─── Data extract ───
text \<open>\<open>\<omega>\<^sup>-\<^sup>1\<close> is \<open>\<omega>\<close> conjugated by the reversal \<open>z \<mapsto> (z\<^sub>n\<^sup>-\<^sup>1, \<dots>, z\<^sub>1\<^sup>-\<^sup>1)\<close>, which preserves wheels.\<close>

lemma omega_inv_point_mem_wheel_points:
  assumes "n \<ge> 2" "r \<ge> 2" "q \<noteq> 0" "t ^ (k + 1) * q ^ (r - 1) = 1"
    and "z \<in> wheel_points t q n k r"
  shows "omega_inv_point q n z \<in> wheel_points t q n k r"
proof -
  have "\<forall>j\<in>{1..n}. omega_inv_point q n z j = reverse_point n (omega_point q n (reverse_point n z)) j"
  proof
    fix j assume j: "j \<in> {1..n}"
    show "omega_inv_point q n z j = reverse_point n (omega_point q n (reverse_point n z)) j"
    proof (cases "j = n")
      case False
      then have "n + 1 - j \<noteq> 1" "2 \<le> n + 1 - j" "n + 1 - j \<le> n" "n + 1 - (n + 1 - j - 1) = j + 1"
        using j by auto
      then show ?thesis
        using False j by (simp add: omega_inv_point_def reverse_point_def omega_point_def cyc_pred_def cyc_succ_def)
    qed (use assms(1) in \<open>simp add: omega_inv_point_def reverse_point_def omega_point_def cyc_pred_def
      cyc_succ_def\<close>)
  qed
  moreover have "reverse_point n (omega_point q n (reverse_point n z)) \<in> wheel_points t q n k r"
    using assms by (intro reverse_point_mem_wheel_points omega_point_mem_wheel_points)
  ultimately show ?thesis
    using wheel_points_cong by blast
qed

definition vanishing_ideal :: "nat \<Rightarrow> (nat \<Rightarrow> 'a::field) set \<Rightarrow> 'a laurent set" where
  "vanishing_ideal n Z = {f \<in> laurentV n. \<forall>z\<in>Z. leval z f = 0}"

text \<open>Only the coordinates \<open>1..n\<close> of a wheel point matter, so the others may be taken nonzero.\<close>

lemma vanishing_ideal_wheel_points_memI:
  assumes "g \<in> laurentV n"
    and zeros: "\<And>z. z \<in> wheel_points t q n k r \<Longrightarrow> \<forall>j. z j \<noteq> 0 \<Longrightarrow> leval z g = 0"
  shows "g \<in> vanishing_ideal n (wheel_points t q n k r)"
  unfolding vanishing_ideal_def
proof (intro CollectI conjI ballI)
  fix z assume z: "z \<in> wheel_points t q n k r"
  define z' where "z' j = (if j \<in> {1..n} then z j else 1)" for j
  have "z' \<in> wheel_points t q n k r"
    using z wheel_points_cong[of n z' z] by (simp add: z'_def)
  moreover have "\<forall>j. z' j \<noteq> 0"
    using z by (auto simp: z'_def wheel_points_def)
  moreover have "\<forall>\<alpha>\<in>Poly_Mapping.keys g. \<forall>i\<in>Poly_Mapping.keys \<alpha>. i \<in> {1..n}"
    using assms(1) unfolding laurentV_def by blast
  then have "leval z' g = leval z g"
    by (intro leval_cong) (simp add: z'_def)
  ultimately show "leval z g = 0"
    using zeros by metis
qed (rule assms(1))

lemma monom_eval_fun_upd:
  "monom_eval (z(j := y)) \<alpha> = monom_eval (z(j := 1)) \<alpha> * y powi Poly_Mapping.lookup \<alpha> j"
proof -
  let ?S = "Poly_Mapping.keys \<alpha> \<union> {j}"
  have split: "(\<Prod>i\<in>?S. (z(j := w)) i powi Poly_Mapping.lookup \<alpha> i)
      = w powi Poly_Mapping.lookup \<alpha> j * (\<Prod>i\<in>?S - {j}. z i powi Poly_Mapping.lookup \<alpha> i)" for w
  proof -
    have "(\<Prod>i\<in>?S - {j}. (z(j := w)) i powi Poly_Mapping.lookup \<alpha> i)
        = (\<Prod>i\<in>?S - {j}. z i powi Poly_Mapping.lookup \<alpha> i)"
      by (rule prod.cong) auto
    then show ?thesis
      by (subst prod.remove[of _ j]) auto
  qed
  have "monom_eval (z(j := w)) \<alpha> = (\<Prod>i\<in>?S. (z(j := w)) i powi Poly_Mapping.lookup \<alpha> i)" for w
    by (rule monom_eval_superset) auto
  then show ?thesis
    by (simp only: split power_int_1_left mult_1_left mult.commute)
qed

lemma leval_fun_upd_eq_0:
  fixes g :: "'a::field_char_0 laurent"
  assumes "finite F" and zeros: "\<And>y. y \<noteq> 0 \<Longrightarrow> y \<notin> F \<Longrightarrow> leval (z(j := y)) g = 0" and "y \<noteq> 0"
  shows "leval (z(j := y)) g = 0"
proof -
  let ?c = "\<lambda>\<alpha>. Poly_Mapping.lookup g \<alpha> * monom_eval (z(j := 1)) \<alpha>"
  have eval: "leval (z(j := w)) g = (\<Sum>\<alpha>\<in>Poly_Mapping.keys g. ?c \<alpha> * w powi Poly_Mapping.lookup \<alpha> j)" for w
    unfolding leval_monom_eval monom_eval_fun_upd[of z j w] by (simp only: mult.assoc)
  have Y: "infinite (UNIV - insert 0 F)" "0 \<notin> UNIV - insert 0 F"
    by (simp_all add: Diff_infinite_finite assms(1) infinite_UNIV_char_0)
  have "(\<Sum>\<alpha>\<in>Poly_Mapping.keys g. ?c \<alpha> * w powi Poly_Mapping.lookup \<alpha> j) = 0"
    if "w \<in> UNIV - insert 0 F" for w
  proof -
    have "leval (z(j := w)) g = 0"
      using that by (intro zeros) auto
    then show ?thesis
      by (simp only: eval)
  qed
  from powi_sum_eq_0_if_infinite_zeros_eval[OF finite_keys Y this assms(3)] show ?thesis
    by (simp only: eval)
qed

lemma foldr_closed:
  assumes "\<And>j g. j \<in> set xs \<Longrightarrow> g \<in> P \<Longrightarrow> F j g \<in> P" "f \<in> P"
  shows "foldr F xs f \<in> P"
  using assms by (induction xs) auto

lemma foldr_rev_cancel:
  assumes "\<And>j h. G j (F j h) = h"
  shows "foldr G xs (foldr F (rev xs) h) = h"
  using assms by (induction xs arbitrary: h) auto

lemma daha_Yinv_eq:
  fixes st q :: "'a::field_char_0"
  assumes n: "n \<ge> 2" and st: "st \<noteq> 0" and q: "q \<noteq> 0"
  shows "daha_Yinv st q n i f
    = foldr (heckeT st) (rev [1..<i]) (omega_inv q n (foldr (heckeTinv st) (rev [i..<n]) f))"
  unfolding daha_Yinv_def
proof (rule the_equality)
  show "daha_Y st q n i (foldr (heckeT st) (rev [1..<i]) (omega_inv q n (foldr (heckeTinv st) (rev [i..<n]) f))) = f"
    unfolding daha_Y_def
    by (simp add: foldr_rev_cancel heckeTinv_heckeT[OF st] heckeT_heckeTinv[OF st] omega_omega_inv[OF n q])
next
  fix g assume "daha_Y st q n i g = f"
  moreover have "foldr (heckeT st) (rev [1..<i]) (omega_inv q n (foldr (heckeTinv st) (rev [i..<n])
      (daha_Y st q n i g))) = g"
    unfolding daha_Y_def
    using foldr_rev_cancel[of "heckeTinv st" "heckeT st" "rev [i..<n]"]
      foldr_rev_cancel[of "heckeT st" "heckeTinv st" "rev [1..<i]"]
    by (simp add: heckeTinv_heckeT[OF st] heckeT_heckeTinv[OF st] omega_omega_inv[OF n q])
  ultimately show "g = foldr (heckeT st) (rev [1..<i]) (omega_inv q n (foldr (heckeTinv st) (rev [i..<n]) f))"
    by simp
qed

lemma hecke_tight_coefficient:
  fixes st :: "'a::field"
  assumes "st \<noteq> 0" "st ^ 2 \<noteq> 1"
  shows "st + (st - inverse st) / (inverse (st ^ 2) - 1) = 0"
proof -
  have "inverse (st ^ 2) - 1 = (1 - st ^ 2) / st ^ 2" "1 - st ^ 2 \<noteq> 0"
    using assms by (auto simp: field_simps)
  then show ?thesis
    using assms by (simp add: field_simps power2_eq_square)
qed

locale wheel_parameters =
  fixes st q :: "'a::field_char_0" and k r :: nat
  assumes st_nonzero: "st \<noteq> 0"
    and r_ge_2: "r \<ge> 2"
    and wheel_closes: "(st ^ 2) ^ (k + 1) * q ^ (r - 1) = 1"
    and no_shorter_wheel: "\<And>m S. 1 \<le> m \<Longrightarrow> m \<le> k \<Longrightarrow> S \<le> r - 2 \<Longrightarrow> (st ^ 2) ^ m * q ^ S \<noteq> 1"
begin

abbreviation wheel :: "nat \<Rightarrow> (nat \<Rightarrow> 'a) set" where
  "wheel n \<equiv> wheel_points (st ^ 2) q n k r"

abbreviation wheel_ideal :: "nat \<Rightarrow> 'a laurent set" where
  "wheel_ideal n \<equiv> vanishing_ideal n (wheel n)"

lemma q_nonzero: "q \<noteq> 0"
  using wheel_closes r_ge_2 by (cases "q = 0") (auto simp: power_0_left)

lemma wheel_chain_values_distinct:
  assumes c: "wheel_chain (st ^ 2) q n k r z ii s" and nz: "\<forall>j\<in>{1..n}. z j \<noteq> 0"
    and ab: "1 \<le> a" "a < b" "b \<le> k + 1"
  shows "z (ii a) \<noteq> z (ii b)"
proof
  assume eq: "z (ii a) = z (ii b)"
  define S where "S = (\<Sum>c\<in>{a..<b}. s c)"
  have "z (ii b) = z (ii a) * ((st ^ 2) ^ (b - a) * q ^ S)"
    using wheel_chain_value[OF c ab(1), of "b - a"] ab by (simp add: S_def mult.assoc)
  moreover have "z (ii a) \<noteq> 0"
    using c nz ab unfolding wheel_chain_def by auto
  ultimately have "(st ^ 2) ^ (b - a) * q ^ S = 1"
    using eq by simp
  moreover have "S \<le> (\<Sum>c=1..k. s c)"
    unfolding S_def using ab by (intro sum_mono2) auto
  then have "S \<le> r - 2"
    using c unfolding wheel_chain_def by simp
  ultimately show False
    using no_shorter_wheel[of "b - a" S] ab by simp
qed

lemma heckeT_vanishes_at_separated:
  assumes f: "f \<in> wheel_ideal n" and i: "1 \<le> i" "i < n"
    and z: "z \<in> wheel n" "\<forall>j. z j \<noteq> 0" and ne: "z i \<noteq> z (i + 1)"
  shows "leval z (heckeT st i f) = 0"
proof -
  let ?z' = "z \<circ> transpose i (i + 1)"
  have fz: "leval z f = 0"
    using f z(1) by (simp add: vanishing_ideal_def)
  obtain ii s where c: "wheel_chain (st ^ 2) q n k r z ii s"
    using z(1) by (auto simp: wheel_points_def)
  show ?thesis
  proof (cases "\<exists>a\<in>{1..k}. ii a = i \<and> ii (a + 1) = i + 1 \<and> s a = 0")
    case True
    then have "z (i + 1) = z i * st ^ 2"
      using c unfolding wheel_chain_def by fastforce
    moreover have "z i \<noteq> 0"
      using z(2) by simp
    ultimately have "z i / z (i + 1) = inverse (st ^ 2)" "st ^ 2 \<noteq> 1"
      using st_nonzero ne by (auto simp: divide_inverse)
    then have "leval z (heckeT st i f)
        = leval ?z' f * (st + (st - inverse st) / (inverse (st ^ 2) - 1))"
      using leval_heckeT[OF z(2) ne, of st f] fz by (simp add: algebra_simps)
    then show ?thesis
      using hecke_tight_coefficient[OF st_nonzero] \<open>st ^ 2 \<noteq> 1\<close> by simp
  next
    case False
    then have "?z' \<in> wheel n"
      using wheel_chain_swap[OF c i False] z by (auto simp: wheel_points_def)
    then have "leval ?z' f = 0"
      using f by (simp add: vanishing_ideal_def)
    then show ?thesis
      using leval_heckeT[OF z(2) ne, of st f] fz by simp
  qed
qed

text \<open>If \<open>z\<^sub>i = z\<^sub>i\<^sub>+\<^sub>1\<close>, one of \<open>i, i + 1\<close> is not on the chain (chain values are distinct); moving that
  coordinate keeps \<open>z\<close> on the wheel and separates the two values, so the separated case and
  the one-variable identity theorem give the claim.\<close>

lemma heckeT_vanishes_at:
  assumes f: "f \<in> wheel_ideal n" and i: "1 \<le> i" "i < n" and z: "z \<in> wheel n" "\<forall>j. z j \<noteq> 0"
  shows "leval z (heckeT st i f) = 0"
proof (cases "z i = z (i + 1)")
  case True
  obtain ii s where c: "wheel_chain (st ^ 2) q n k r z ii s" and nz: "\<forall>j\<in>{1..n}. z j \<noteq> 0"
    using z(1) by (auto simp: wheel_points_def)
  have "i \<notin> ii ` {1..k+1} \<or> i + 1 \<notin> ii ` {1..k+1}"
  proof (rule ccontr)
    assume "\<not> ?thesis"
    then obtain a b where "a \<in> {1..k+1}" "b \<in> {1..k+1}" "ii a = i" "ii b = i + 1"
      by auto
    then show False
      using wheel_chain_values_distinct[OF c nz] True by (cases a b rule: linorder_cases) force+
  qed
  then obtain j j' where j: "j \<notin> ii ` {1..k+1}" and jj': "j = i \<and> j' = i + 1 \<or> j = i + 1 \<and> j' = i"
    by blast
  have moved: "leval (z(j := y)) (heckeT st i f) = 0" if "y \<noteq> 0" "y \<notin> {z j'}" for y
  proof (rule heckeT_vanishes_at_separated[OF f i])
    show "z(j := y) \<in> wheel n"
      using wheel_chain_fun_upd[OF c j] nz that by (auto simp: wheel_points_def)
    show "\<forall>l. (z(j := y)) l \<noteq> 0" "(z(j := y)) i \<noteq> (z(j := y)) (i + 1)"
      using z(2) that jj' by auto
  qed
  have "leval (z(j := z j)) (heckeT st i f) = 0"
    using z(2) by (intro leval_fun_upd_eq_0[where F = "{z j'}", OF _ moved]) auto
  then show ?thesis
    by simp
qed (rule heckeT_vanishes_at_separated[OF f i z])

lemma heckeT_mem_wheel_ideal:
  assumes "f \<in> wheel_ideal n" "1 \<le> i" "i < n"
  shows "heckeT st i f \<in> wheel_ideal n"
  using assms heckeT_vanishes_at
  by (intro vanishing_ideal_wheel_points_memI laurentV_heckeT) (auto simp: vanishing_ideal_def)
───
What the task requires: Your reply should be one number: how many lines in the entries above contain the word "unfolding".

Exercise result: 10